— Records to process —
_ _ _ _
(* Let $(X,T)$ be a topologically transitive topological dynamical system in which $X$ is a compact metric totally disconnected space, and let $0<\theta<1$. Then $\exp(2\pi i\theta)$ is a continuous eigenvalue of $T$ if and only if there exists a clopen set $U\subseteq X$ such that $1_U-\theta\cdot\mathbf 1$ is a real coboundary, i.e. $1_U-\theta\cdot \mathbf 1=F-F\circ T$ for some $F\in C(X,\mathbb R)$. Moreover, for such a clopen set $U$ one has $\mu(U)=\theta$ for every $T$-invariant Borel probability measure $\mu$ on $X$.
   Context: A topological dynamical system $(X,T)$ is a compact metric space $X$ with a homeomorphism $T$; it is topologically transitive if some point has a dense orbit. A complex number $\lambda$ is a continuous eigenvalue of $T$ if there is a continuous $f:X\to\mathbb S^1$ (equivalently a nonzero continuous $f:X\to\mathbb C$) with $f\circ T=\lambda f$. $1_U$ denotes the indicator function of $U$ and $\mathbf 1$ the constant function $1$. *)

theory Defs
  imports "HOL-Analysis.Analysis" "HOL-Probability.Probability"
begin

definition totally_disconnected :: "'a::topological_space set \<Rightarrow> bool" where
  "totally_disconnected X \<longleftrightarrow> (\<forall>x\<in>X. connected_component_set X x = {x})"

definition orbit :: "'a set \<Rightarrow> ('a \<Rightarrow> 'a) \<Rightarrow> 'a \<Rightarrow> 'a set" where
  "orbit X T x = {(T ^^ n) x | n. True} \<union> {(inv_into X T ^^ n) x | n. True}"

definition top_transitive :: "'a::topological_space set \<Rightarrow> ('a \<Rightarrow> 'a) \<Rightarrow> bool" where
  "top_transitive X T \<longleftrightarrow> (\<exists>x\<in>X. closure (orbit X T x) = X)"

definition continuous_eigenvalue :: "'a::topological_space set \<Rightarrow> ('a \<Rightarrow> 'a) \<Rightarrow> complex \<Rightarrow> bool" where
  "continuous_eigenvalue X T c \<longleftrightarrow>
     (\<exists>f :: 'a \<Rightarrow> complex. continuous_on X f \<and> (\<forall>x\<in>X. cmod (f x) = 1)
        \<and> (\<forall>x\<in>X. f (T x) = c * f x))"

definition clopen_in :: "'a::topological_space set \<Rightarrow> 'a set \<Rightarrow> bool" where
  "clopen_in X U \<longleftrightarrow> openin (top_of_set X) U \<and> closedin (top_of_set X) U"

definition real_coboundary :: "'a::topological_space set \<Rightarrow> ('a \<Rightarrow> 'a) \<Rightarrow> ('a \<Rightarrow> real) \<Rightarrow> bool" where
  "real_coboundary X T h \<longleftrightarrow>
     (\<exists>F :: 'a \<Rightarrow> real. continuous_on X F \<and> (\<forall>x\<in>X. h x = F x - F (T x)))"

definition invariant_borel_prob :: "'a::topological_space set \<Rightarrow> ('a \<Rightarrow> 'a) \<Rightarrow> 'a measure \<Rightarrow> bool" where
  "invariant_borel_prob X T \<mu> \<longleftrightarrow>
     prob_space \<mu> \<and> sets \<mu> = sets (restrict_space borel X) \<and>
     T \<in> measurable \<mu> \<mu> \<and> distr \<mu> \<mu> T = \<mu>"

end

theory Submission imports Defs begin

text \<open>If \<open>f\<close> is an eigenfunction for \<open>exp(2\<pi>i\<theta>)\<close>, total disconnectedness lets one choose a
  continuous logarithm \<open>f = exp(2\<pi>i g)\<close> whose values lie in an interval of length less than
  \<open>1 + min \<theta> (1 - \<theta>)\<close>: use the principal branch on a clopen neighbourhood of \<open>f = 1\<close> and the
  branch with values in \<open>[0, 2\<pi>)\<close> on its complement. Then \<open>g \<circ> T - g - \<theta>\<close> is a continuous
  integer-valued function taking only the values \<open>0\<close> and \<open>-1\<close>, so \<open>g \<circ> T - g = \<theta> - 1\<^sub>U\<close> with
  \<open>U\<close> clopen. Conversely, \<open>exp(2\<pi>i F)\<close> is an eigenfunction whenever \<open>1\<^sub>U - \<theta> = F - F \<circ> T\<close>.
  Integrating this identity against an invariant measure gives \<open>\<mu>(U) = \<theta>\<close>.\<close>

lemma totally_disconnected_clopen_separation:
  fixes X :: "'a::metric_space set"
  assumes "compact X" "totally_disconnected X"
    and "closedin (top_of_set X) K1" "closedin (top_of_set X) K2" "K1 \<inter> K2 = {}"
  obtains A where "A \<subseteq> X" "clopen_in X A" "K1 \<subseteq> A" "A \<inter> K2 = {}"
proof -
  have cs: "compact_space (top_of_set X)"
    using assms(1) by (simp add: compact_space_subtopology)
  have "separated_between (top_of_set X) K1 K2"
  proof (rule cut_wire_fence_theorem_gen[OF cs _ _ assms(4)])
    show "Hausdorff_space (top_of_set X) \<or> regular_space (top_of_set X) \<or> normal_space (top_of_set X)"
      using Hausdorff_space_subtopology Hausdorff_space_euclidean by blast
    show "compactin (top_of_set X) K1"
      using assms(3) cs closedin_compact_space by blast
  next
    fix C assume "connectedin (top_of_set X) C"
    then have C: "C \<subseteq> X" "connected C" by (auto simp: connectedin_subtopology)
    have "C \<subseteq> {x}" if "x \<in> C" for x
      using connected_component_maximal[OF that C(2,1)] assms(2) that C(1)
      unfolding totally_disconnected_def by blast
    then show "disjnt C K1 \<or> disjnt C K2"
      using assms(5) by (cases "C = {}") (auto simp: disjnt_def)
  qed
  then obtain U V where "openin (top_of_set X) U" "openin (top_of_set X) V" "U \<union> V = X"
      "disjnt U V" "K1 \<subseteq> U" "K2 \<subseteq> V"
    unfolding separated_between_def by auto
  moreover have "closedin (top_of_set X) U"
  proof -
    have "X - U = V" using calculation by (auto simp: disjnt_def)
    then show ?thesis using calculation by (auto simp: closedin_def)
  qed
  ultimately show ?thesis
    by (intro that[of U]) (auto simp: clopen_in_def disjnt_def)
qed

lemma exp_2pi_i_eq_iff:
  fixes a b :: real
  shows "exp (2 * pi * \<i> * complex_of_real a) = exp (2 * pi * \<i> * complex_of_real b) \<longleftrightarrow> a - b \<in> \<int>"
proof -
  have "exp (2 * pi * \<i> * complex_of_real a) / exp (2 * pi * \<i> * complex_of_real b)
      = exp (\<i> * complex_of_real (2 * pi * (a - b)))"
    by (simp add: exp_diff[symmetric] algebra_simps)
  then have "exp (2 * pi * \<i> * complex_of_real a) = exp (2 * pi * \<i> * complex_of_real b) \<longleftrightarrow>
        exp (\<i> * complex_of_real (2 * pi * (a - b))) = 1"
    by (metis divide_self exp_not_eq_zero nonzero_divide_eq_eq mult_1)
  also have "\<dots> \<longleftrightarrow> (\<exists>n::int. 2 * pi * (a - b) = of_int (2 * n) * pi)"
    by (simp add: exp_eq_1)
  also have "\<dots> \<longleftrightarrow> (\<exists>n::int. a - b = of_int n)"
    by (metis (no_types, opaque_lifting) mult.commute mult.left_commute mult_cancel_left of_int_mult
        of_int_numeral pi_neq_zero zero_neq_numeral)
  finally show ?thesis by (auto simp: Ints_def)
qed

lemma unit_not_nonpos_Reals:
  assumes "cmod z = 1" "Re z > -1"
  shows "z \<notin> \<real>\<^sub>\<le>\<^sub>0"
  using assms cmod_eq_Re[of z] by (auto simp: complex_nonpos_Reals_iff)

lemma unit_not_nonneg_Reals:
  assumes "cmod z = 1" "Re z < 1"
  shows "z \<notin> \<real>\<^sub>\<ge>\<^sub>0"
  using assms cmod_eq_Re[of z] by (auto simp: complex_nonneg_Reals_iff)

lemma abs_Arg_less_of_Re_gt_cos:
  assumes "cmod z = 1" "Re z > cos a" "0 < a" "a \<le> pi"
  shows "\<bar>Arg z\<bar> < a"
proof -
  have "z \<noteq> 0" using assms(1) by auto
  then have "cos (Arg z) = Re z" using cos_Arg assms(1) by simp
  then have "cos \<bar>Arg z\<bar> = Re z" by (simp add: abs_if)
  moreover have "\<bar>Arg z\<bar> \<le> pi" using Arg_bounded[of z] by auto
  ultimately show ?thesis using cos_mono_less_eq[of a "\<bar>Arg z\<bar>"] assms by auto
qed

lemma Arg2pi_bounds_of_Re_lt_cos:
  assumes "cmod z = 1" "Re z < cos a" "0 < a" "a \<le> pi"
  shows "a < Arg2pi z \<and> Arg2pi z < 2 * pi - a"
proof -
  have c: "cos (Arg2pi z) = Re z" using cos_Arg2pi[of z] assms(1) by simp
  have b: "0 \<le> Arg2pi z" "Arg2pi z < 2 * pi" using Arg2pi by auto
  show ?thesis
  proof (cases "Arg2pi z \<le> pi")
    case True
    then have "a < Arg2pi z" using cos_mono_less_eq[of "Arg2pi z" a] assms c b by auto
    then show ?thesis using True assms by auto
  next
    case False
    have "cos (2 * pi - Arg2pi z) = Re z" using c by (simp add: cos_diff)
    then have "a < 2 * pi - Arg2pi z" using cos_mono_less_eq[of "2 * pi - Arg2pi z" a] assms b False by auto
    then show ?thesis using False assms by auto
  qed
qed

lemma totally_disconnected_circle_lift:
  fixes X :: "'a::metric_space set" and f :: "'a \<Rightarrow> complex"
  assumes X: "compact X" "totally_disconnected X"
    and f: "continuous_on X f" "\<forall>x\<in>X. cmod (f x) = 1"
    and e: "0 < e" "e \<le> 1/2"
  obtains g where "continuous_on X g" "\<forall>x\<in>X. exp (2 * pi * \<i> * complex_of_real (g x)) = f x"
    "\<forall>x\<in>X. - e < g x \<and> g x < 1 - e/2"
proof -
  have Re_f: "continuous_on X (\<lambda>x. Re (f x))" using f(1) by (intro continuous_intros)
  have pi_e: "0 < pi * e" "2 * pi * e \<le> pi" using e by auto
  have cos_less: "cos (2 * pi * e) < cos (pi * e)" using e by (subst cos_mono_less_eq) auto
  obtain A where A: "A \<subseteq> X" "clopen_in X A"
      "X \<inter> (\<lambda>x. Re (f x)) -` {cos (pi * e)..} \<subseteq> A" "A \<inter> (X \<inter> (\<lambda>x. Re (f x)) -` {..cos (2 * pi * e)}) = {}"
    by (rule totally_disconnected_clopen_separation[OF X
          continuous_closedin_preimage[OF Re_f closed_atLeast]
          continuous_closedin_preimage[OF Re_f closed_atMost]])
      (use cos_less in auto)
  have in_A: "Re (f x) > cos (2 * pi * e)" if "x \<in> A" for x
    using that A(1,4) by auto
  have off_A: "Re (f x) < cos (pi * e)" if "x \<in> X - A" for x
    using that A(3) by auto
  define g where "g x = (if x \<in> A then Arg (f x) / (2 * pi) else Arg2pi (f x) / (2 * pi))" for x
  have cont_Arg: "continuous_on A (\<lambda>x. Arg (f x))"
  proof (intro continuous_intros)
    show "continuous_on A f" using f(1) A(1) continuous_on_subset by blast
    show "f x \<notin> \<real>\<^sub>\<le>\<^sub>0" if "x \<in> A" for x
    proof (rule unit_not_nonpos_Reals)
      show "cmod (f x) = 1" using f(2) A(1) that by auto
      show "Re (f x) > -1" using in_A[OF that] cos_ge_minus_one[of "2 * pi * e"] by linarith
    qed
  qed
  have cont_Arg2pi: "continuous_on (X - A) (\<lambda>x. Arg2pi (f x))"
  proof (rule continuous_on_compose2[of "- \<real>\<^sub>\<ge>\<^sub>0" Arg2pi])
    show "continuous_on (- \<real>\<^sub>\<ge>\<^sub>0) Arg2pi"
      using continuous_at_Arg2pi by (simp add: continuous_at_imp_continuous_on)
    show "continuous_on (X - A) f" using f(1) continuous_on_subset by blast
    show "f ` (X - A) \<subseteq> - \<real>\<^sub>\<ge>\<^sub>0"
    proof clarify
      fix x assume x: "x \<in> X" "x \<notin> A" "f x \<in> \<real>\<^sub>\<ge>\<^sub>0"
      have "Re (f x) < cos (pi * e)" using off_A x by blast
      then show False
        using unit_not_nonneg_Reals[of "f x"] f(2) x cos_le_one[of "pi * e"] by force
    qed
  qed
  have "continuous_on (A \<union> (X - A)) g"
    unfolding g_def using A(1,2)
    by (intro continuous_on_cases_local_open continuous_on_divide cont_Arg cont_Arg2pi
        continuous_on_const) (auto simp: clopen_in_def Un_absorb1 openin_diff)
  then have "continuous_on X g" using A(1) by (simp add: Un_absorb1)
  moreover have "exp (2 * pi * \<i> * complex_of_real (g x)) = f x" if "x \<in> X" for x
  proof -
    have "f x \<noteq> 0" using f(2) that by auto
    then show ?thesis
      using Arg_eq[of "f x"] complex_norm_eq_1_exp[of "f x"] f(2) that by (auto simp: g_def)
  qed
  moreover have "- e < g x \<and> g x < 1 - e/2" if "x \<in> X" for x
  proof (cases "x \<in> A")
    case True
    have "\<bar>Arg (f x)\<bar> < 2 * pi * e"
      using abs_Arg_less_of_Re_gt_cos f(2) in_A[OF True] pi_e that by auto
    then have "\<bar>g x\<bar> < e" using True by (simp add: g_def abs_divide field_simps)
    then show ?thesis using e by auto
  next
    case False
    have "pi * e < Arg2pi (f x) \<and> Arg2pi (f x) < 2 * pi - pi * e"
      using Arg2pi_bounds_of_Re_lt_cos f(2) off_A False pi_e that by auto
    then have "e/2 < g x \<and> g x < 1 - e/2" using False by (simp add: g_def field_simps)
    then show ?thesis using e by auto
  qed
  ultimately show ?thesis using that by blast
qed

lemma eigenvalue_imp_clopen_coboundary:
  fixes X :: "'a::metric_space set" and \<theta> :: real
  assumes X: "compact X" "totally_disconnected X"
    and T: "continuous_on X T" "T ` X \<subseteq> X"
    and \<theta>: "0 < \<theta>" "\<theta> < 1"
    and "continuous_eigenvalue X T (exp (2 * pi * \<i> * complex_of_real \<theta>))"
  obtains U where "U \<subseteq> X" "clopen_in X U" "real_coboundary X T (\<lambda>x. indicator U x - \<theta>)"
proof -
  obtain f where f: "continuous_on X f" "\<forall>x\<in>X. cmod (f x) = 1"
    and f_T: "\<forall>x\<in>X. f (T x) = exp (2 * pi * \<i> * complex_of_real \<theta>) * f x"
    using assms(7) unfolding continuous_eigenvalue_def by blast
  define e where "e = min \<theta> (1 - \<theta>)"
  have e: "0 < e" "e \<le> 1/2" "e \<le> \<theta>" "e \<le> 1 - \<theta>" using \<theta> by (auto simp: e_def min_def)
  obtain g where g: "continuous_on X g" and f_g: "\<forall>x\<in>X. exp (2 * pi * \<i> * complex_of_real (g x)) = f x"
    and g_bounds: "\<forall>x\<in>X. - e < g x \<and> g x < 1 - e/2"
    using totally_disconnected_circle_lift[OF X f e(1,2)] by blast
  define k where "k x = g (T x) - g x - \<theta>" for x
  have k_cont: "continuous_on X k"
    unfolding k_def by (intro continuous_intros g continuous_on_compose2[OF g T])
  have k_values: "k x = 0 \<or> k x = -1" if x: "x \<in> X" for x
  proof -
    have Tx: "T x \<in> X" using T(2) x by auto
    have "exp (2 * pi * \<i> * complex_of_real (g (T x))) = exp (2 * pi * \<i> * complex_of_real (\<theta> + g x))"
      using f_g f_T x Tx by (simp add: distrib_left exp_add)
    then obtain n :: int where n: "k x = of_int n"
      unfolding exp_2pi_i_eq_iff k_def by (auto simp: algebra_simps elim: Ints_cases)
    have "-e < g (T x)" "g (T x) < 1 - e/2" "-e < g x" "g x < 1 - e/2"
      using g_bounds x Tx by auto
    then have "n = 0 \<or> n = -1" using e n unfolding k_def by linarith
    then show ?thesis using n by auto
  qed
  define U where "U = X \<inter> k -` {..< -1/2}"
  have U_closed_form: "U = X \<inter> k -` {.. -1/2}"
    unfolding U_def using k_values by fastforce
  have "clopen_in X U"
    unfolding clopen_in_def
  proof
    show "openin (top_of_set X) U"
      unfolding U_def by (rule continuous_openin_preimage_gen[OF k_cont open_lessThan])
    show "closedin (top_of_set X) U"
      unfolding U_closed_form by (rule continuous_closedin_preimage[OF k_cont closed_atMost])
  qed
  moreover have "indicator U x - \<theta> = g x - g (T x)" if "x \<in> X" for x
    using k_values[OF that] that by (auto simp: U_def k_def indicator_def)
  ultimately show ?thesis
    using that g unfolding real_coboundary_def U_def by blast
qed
_ _ _ _
— Goal of the exercise —
Within the listing above, say how many lines contain the string "system". Reply with the number only.

— Written solution —
2